FE: What foods are appropriate for DEXA?
Hebel: The overwhelming applications are for red meat—lamb, goat, cattle. It could be extended to turkey and poultry, but we really focus on red meat, specifically raw meat. When you’re dealing with cooked meat, usually there are added ingredients, particularly salt, which can mess up X-ray readings. Additionally, the volume being inspected is considerably smaller.
FE: Ground beef sold at retail now is required to disclose its fat content on the label. Is that increasing the adoption of fat analysis?
Hebel: Major retail chains are considerably more aggressive in their demands on suppliers to accurately disclose fat content; some also demand X-ray inspection. That causes a ripple effect through the supply chain.
Five or 10 years ago, there really wasn’t a highly accurate method of measuring lean. Ground beef sold as 85 percent lean relied on visual measurement, which was maybe within 5 percent plus or minus, depending on the skill of the person making the judgment.
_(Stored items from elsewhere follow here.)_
(* Let $p$ be a prime and $b$ an integer with $1<b<\frac{p-1}{2}$. Then $|\mathrm{inv}_{1,b}|>4$.
   Context: Let $S=\mathbb{C}[x_1,x_2]$, $\zeta=e^{2\pi i/p}$, $G=\mathbb{Z}/p\mathbb{Z}=\langle\zeta\rangle$ acting on $S$ by $x_1\mapsto\zeta x_1$, $x_2\mapsto\zeta^bx_2$, with invariant ring $S^G_{1,b}$ (spanned by monomials $x_1^cx_2^d$ with $c+bd\equiv0\pmod p$). $\mathrm{inv}_{1,b}$ denotes the minimal set of monomial generators of $S^G_{1,b}$ as a $\mathbb{C}$-algebra: the nonconstant invariant monomials that are not a product of two nonconstant invariant monomials. *)

theory Defs
  imports "HOL-Number_Theory.Number_Theory"
begin

text \<open>A monomial x1^c x2^d of C[x1,x2] is represented by its exponent pair (c,d).
  It is invariant under the action x1 -> zeta x1, x2 -> zeta^b x2 of Z/pZ iff
  c + b d = 0 (mod p).\<close>

definition invariant_monomial :: "nat \<Rightarrow> int \<Rightarrow> nat \<times> nat \<Rightarrow> bool" where
  "invariant_monomial p b m \<longleftrightarrow> [int (fst m) + b * int (snd m) = 0] (mod int p)"

definition nonconstant :: "nat \<times> nat \<Rightarrow> bool" where
  "nonconstant m \<longleftrightarrow> m \<noteq> (0, 0)"

text \<open>Minimal monomial generators: nonconstant invariant monomials that are not
  a product of two nonconstant invariant monomials (product = sum of exponents).\<close>

definition inv_gens :: "nat \<Rightarrow> int \<Rightarrow> (nat \<times> nat) set" where
  "inv_gens p b = {m. nonconstant m \<and> invariant_monomial p b m \<and>
     \<not> (\<exists>m1 m2. nonconstant m1 \<and> invariant_monomial p b m1 \<and>
                 nonconstant m2 \<and> invariant_monomial p b m2 \<and>
                 m = (fst m1 + fst m2, snd m1 + snd m2))}"

end

theory Submission
  imports Defs
begin

text \<open>Give the monomial x1^c x2^d the weight c + b d. For b > 0 every nonconstant
  invariant monomial has weight a positive multiple of p, so an invariant monomial of
  weight p cannot be a product of two nonconstant invariant ones. This makes
  x1^(p - k b) x2^k a generator for k = 0, 1, 2, as 2 b < p. Two more generators have
  large weight: x2^p, and x1 x2^d with b d = -1 (mod p) and d < p. They are generators
  because an invariant pure power of x2 has exponent divisible by p, while any
  factorisation of them contains such a factor.\<close>

lemma inv_gensI:
  assumes "nonconstant m" "invariant_monomial p b m"
    and "\<And>c1 d1 c2 d2. nonconstant (c1, d1) \<Longrightarrow> invariant_monomial p b (c1, d1) \<Longrightarrow>
           nonconstant (c2, d2) \<Longrightarrow> invariant_monomial p b (c2, d2) \<Longrightarrow>
           m = (c1 + c2, d1 + d2) \<Longrightarrow> False"
  shows "m \<in> inv_gens p b"
  using assms unfolding inv_gens_def by fastforce

lemma inv_gensD:
  assumes "m \<in> inv_gens p b"
    and "nonconstant (c1, d1)" "invariant_monomial p b (c1, d1)"
    and "nonconstant (c2, d2)" "invariant_monomial p b (c2, d2)"
  shows "m \<noteq> (c1 + c2, d1 + d2)"
  using assms unfolding inv_gens_def by fastforce

lemma invariant_monomial_diff:
  assumes "invariant_monomial p b (c, d)" "invariant_monomial p b (c', d')"
    and "c' \<le> c" "d' \<le> d"
  shows "invariant_monomial p b (c - c', d - d')"
proof -
  have "[(int c + b * int d) - (int c' + b * int d') = 0 - 0] (mod int p)"
    using assms(1,2) unfolding invariant_monomial_def by (intro cong_diff) simp_all
  then show ?thesis
    using assms(3,4) unfolding invariant_monomial_def by (simp add: of_nat_diff algebra_simps)
qed

lemma invariant_monomial_weight_ge:
  assumes "0 < b" "invariant_monomial p b m" "nonconstant m"
  shows "int p \<le> int (fst m) + b * int (snd m)"
proof -
  have "0 < int (fst m) + b * int (snd m)"
    using assms(1,3) unfolding nonconstant_def
    by (cases m) (auto simp: add_pos_nonneg add_nonneg_pos)
  moreover have "int p dvd int (fst m) + b * int (snd m)"
    using assms(2) unfolding invariant_monomial_def by (simp add: cong_0_iff)
  ultimately show ?thesis by (simp add: zdvd_imp_le)
qed

lemma in_inv_gens_if_weight_less:
  assumes "0 < b" "invariant_monomial p b m" "nonconstant m"
    and "int (fst m) + b * int (snd m) < 2 * int p"
  shows "m \<in> inv_gens p b"
proof (rule inv_gensI[OF assms(3,2)])
  fix c1 d1 c2 d2
  assume "nonconstant (c1, d1)" "invariant_monomial p b (c1, d1)"
    "nonconstant (c2, d2)" "invariant_monomial p b (c2, d2)" and m: "m = (c1 + c2, d1 + d2)"
  then have "int p \<le> int c1 + b * int d1" "int p \<le> int c2 + b * int d2"
    using invariant_monomial_weight_ge[OF assms(1)] by fastforce+
  then show False using assms(4) m by (simp add: algebra_simps)
qed

lemma weight_p_monomial_in_inv_gens:
  fixes b k :: nat
  assumes "0 < b" "0 < p" "k * b \<le> p"
  shows "(p - k * b, k) \<in> inv_gens p (int b)"
proof -
  have weight: "int (p - k * b) + int b * int k = int p"
    using assms(3) by (simp add: of_nat_diff)
  show ?thesis
  proof (rule in_inv_gens_if_weight_less)
    show "invariant_monomial p (int b) (p - k * b, k)"
      unfolding invariant_monomial_def by (simp add: weight cong_0_iff)
    show "nonconstant (p - k * b, k)"
      using assms unfolding nonconstant_def by auto
  qed (use assms weight in auto)
qed

lemma invariant_monomial_x2_power_iff:
  assumes "prime p" "\<not> int p dvd b"
  shows "invariant_monomial p b (0, d) \<longleftrightarrow> p dvd d"
proof -
  have "prime (int p)" using assms(1) by simp
  then have "int p dvd b * int d \<longleftrightarrow> int p dvd int d"
    using assms(2) by (simp add: prime_dvd_mult_iff)
  then show ?thesis unfolding invariant_monomial_def by (simp add: cong_0_iff)
qed

lemma invariant_x2_power_ge:
  assumes "prime p" "\<not> int p dvd b" "invariant_monomial p b (0, d)" "nonconstant (0, d)"
  shows "p \<le> d"
  using assms invariant_monomial_x2_power_iff[OF assms(1,2)]
  unfolding nonconstant_def by (auto intro: dvd_imp_le)

lemma x2_power_in_inv_gens:
  assumes "prime p" "\<not> int p dvd b"
  shows "(0, p) \<in> inv_gens p b"
proof (rule inv_gensI)
  have "0 < p" using assms(1) prime_gt_0_nat by blast
  then show "nonconstant (0, p)" unfolding nonconstant_def by simp
  show "invariant_monomial p b (0, p)"
    using invariant_monomial_x2_power_iff[OF assms] by simp
next
  fix c1 d1 c2 d2
  assume factors: "nonconstant (c1, d1)" "invariant_monomial p b (c1, d1)"
    "nonconstant (c2, d2)" "invariant_monomial p b (c2, d2)" and m: "(0, p) = (c1 + c2, d1 + d2)"
  have "c1 = 0" "c2 = 0" using m by simp_all
  then have "p \<le> d1" "p \<le> d2" using invariant_x2_power_ge[OF assms] factors by auto
  moreover have "0 < p" using assms(1) prime_gt_0_nat by blast
  ultimately show False using m by simp
qed

lemma x1_x2_power_in_inv_gens:
  assumes "prime p" "\<not> int p dvd b" "invariant_monomial p b (1, d)" "d < p"
  shows "(1, d) \<in> inv_gens p b"
proof (rule inv_gensI)
  show "nonconstant (1, d)" unfolding nonconstant_def by simp
  show "invariant_monomial p b (1, d)" by fact
next
  fix c1 d1 c2 d2
  assume "nonconstant (c1, d1)" "invariant_monomial p b (c1, d1)"
    "nonconstant (c2, d2)" "invariant_monomial p b (c2, d2)" and m: "(1, d) = (c1 + c2, d1 + d2)"
  moreover have "c1 = 0 \<or> c2 = 0" using m by simp linarith
  ultimately have "p \<le> d1 \<or> p \<le> d2"
    using invariant_x2_power_ge[OF assms(1,2)] by blast
  then show False using m assms(4) by auto
qed

lemma exists_invariant_x1_x2_power:
  assumes "prime p" "\<not> int p dvd b"
  obtains d where "d < p" "invariant_monomial p b (1, d)"
proof -
  have "coprime b (int p)"
    using assms prime_imp_coprime[of "int p" b] by (simp add: coprime_commute)
  then obtain x where x: "[b * x = 1] (mod int p)" using cong_solve_coprime_int by blast
  have p0: "0 < int p" using assms(1) prime_gt_0_nat by simp
  define d where "d = nat ((- x) mod int p)"
  have d: "int d = (- x) mod int p" unfolding d_def using p0 by simp
  have "[int d = - x] (mod int p)" using d by (simp add: cong_def)
  then have "[1 + b * int d = b * x + b * (- x)] (mod int p)"
    using cong_add[OF cong_sym[OF x] cong_scalar_left] by blast
  then have "invariant_monomial p b (1, d)"
    unfolding invariant_monomial_def by (simp add: algebra_simps)
  moreover have "int d < int p" unfolding d using p0 by simp
  ultimately show ?thesis using that by simp
qed

lemma inv_gens_subset_box:
  assumes "0 < p"
  shows "inv_gens p b \<subseteq> {0..p} \<times> {0..p}"
proof
  fix m assume gen: "m \<in> inv_gens p b"
  obtain c d where m: "m = (c, d)" by (cases m)
  have inv: "invariant_monomial p b (c, d)" using gen m unfolding inv_gens_def by simp
  have x1_power: "invariant_monomial p b (p, 0)" "nonconstant (p, 0)"
    and x2_power: "invariant_monomial p b (0, p)" "nonconstant (0, p)"
    using assms unfolding invariant_monomial_def nonconstant_def by (simp_all add: cong_0_iff)
  have "\<not> p < c"
  proof
    assume "p < c"
    then have "invariant_monomial p b (c - p, d)" "nonconstant (c - p, d)"
      using invariant_monomial_diff[OF inv x1_power(1)] unfolding nonconstant_def by auto
    moreover have "m = (p + (c - p), 0 + d)" using m \<open>p < c\<close> by simp
    ultimately show False using inv_gensD[OF gen x1_power(2,1)] by blast
  qed
  moreover have "\<not> p < d"
  proof
    assume "p < d"
    then have "invariant_monomial p b (c, d - p)" "nonconstant (c, d - p)"
      using invariant_monomial_diff[OF inv x2_power(1)] unfolding nonconstant_def by auto
    moreover have "m = (0 + c, p + (d - p))" using m \<open>p < d\<close> by simp
    ultimately show False using inv_gensD[OF gen x2_power(2,1)] by blast
  qed
  ultimately show "m \<in> {0..p} \<times> {0..p}" using m by auto
qed

lemma finite_inv_gens:
  assumes "0 < p"
  shows "finite (inv_gens p b)"
  using finite_subset[OF inv_gens_subset_box[OF assms]] by blast

theorem lemma3p15:
  fixes p :: nat and b :: int
  assumes "prime p"
    and "1 < b"
    and "real_of_int b < (real p - 1) / 2"
  shows "card (inv_gens p b) > 4"
proof -
  define b' where "b' = nat b"
  have b': "b = int b'" using assms(2) unfolding b'_def by simp
  have "real_of_int (2 * b + 1) < real_of_int (int p)" using assms(3) by simp
  then have bp: "0 < b'" "2 * b' + 1 < p" using assms(2) b' by linarith+
  have p: "0 < p" using bp by simp
  have ndvd: "\<not> int p dvd b" using bp b' by (auto dest: dvd_imp_le)
  obtain d where d: "d < p" "invariant_monomial p b (1, d)"
    using exists_invariant_x1_x2_power[OF assms(1) ndvd] by blast
  define G where "G = {(p, 0), (p - b', 1), (p - 2 * b', 2), (0, p), (1, d)}"
  have "G \<subseteq> inv_gens p b"
    unfolding G_def
    using weight_p_monomial_in_inv_gens[of b' p 0] weight_p_monomial_in_inv_gens[of b' p 1]
      weight_p_monomial_in_inv_gens[of b' p 2] x2_power_in_inv_gens[OF assms(1) ndvd]
      x1_x2_power_in_inv_gens[OF assms(1) ndvd d(2,1)] bp b' by auto
  then have "card G \<le> card (inv_gens p b)" by (rule card_mono[OF finite_inv_gens[OF p]])
  moreover have "p - b' \<noteq> 1" "p - 2 * b' \<noteq> 1" "p \<noteq> 1" "p \<noteq> 2" using bp by linarith+
  then have "card G = 5" unfolding G_def using p by simp
  ultimately show ?thesis by simp
qed

end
US commodities are still based on visual lean. A significant part of the value of this technology is its ability to limit either overpacking fat and getting returns or overpacking lean and giving away value.
FE: Is USDA exerting pressure for more precise lean labeling at retail?
Hebel: The department doesn’t speak definitively about this. Visual lean has been a rule of thumb practice for 100 years. USDA will never require processors to use a particular technology to measure a given constituent. Still, new technologies like DEXA will be cited under minimum diligence of trade requirements. More importantly, precise measurement results in more value, and the earlier in the process that it is done, the more likely value will be realized downstream.
FE: Why was validation of DEXA done in New Zealand?
Hebel: Our roots are in New Zealand and Australia. Eagle is a spinoff from Smiths Heiman Detection. The EAGLE FA 720 is adapted from Smiths’ security system used in airports. Meat is a significant part of the economy in that region, and university research tends to be directed toward maintaining those exports. From a technology standpoint, the meat industry there is probably the most advanced in the world.
The government commissioned an evaluation of DEXA by one of New Zealand’s largest meat companies; GNS Science, specialists in geological research and nuclear science; and the Institute of Food, Nutrition and Human Health at New Zealand’s Massey University. The technology received the stamp of approval for lean analysis, as well as contaminant detection. In the near term, the major advantage is the ability to capture images of contaminants, particularly bone, and store them for track and trace. That is valuable for purposes of tracing back any problems.
FE: Is the technology used to any extent in North America?
Hebel: Meat is a conservative, incredibly labor-intense industry that has used some of the same methods for more than 100 years. Companies are watching what technologies are being adopted downstream by major processors of premium sausage and other products. DEXA is being deployed by progressive trim suppliers and grinders.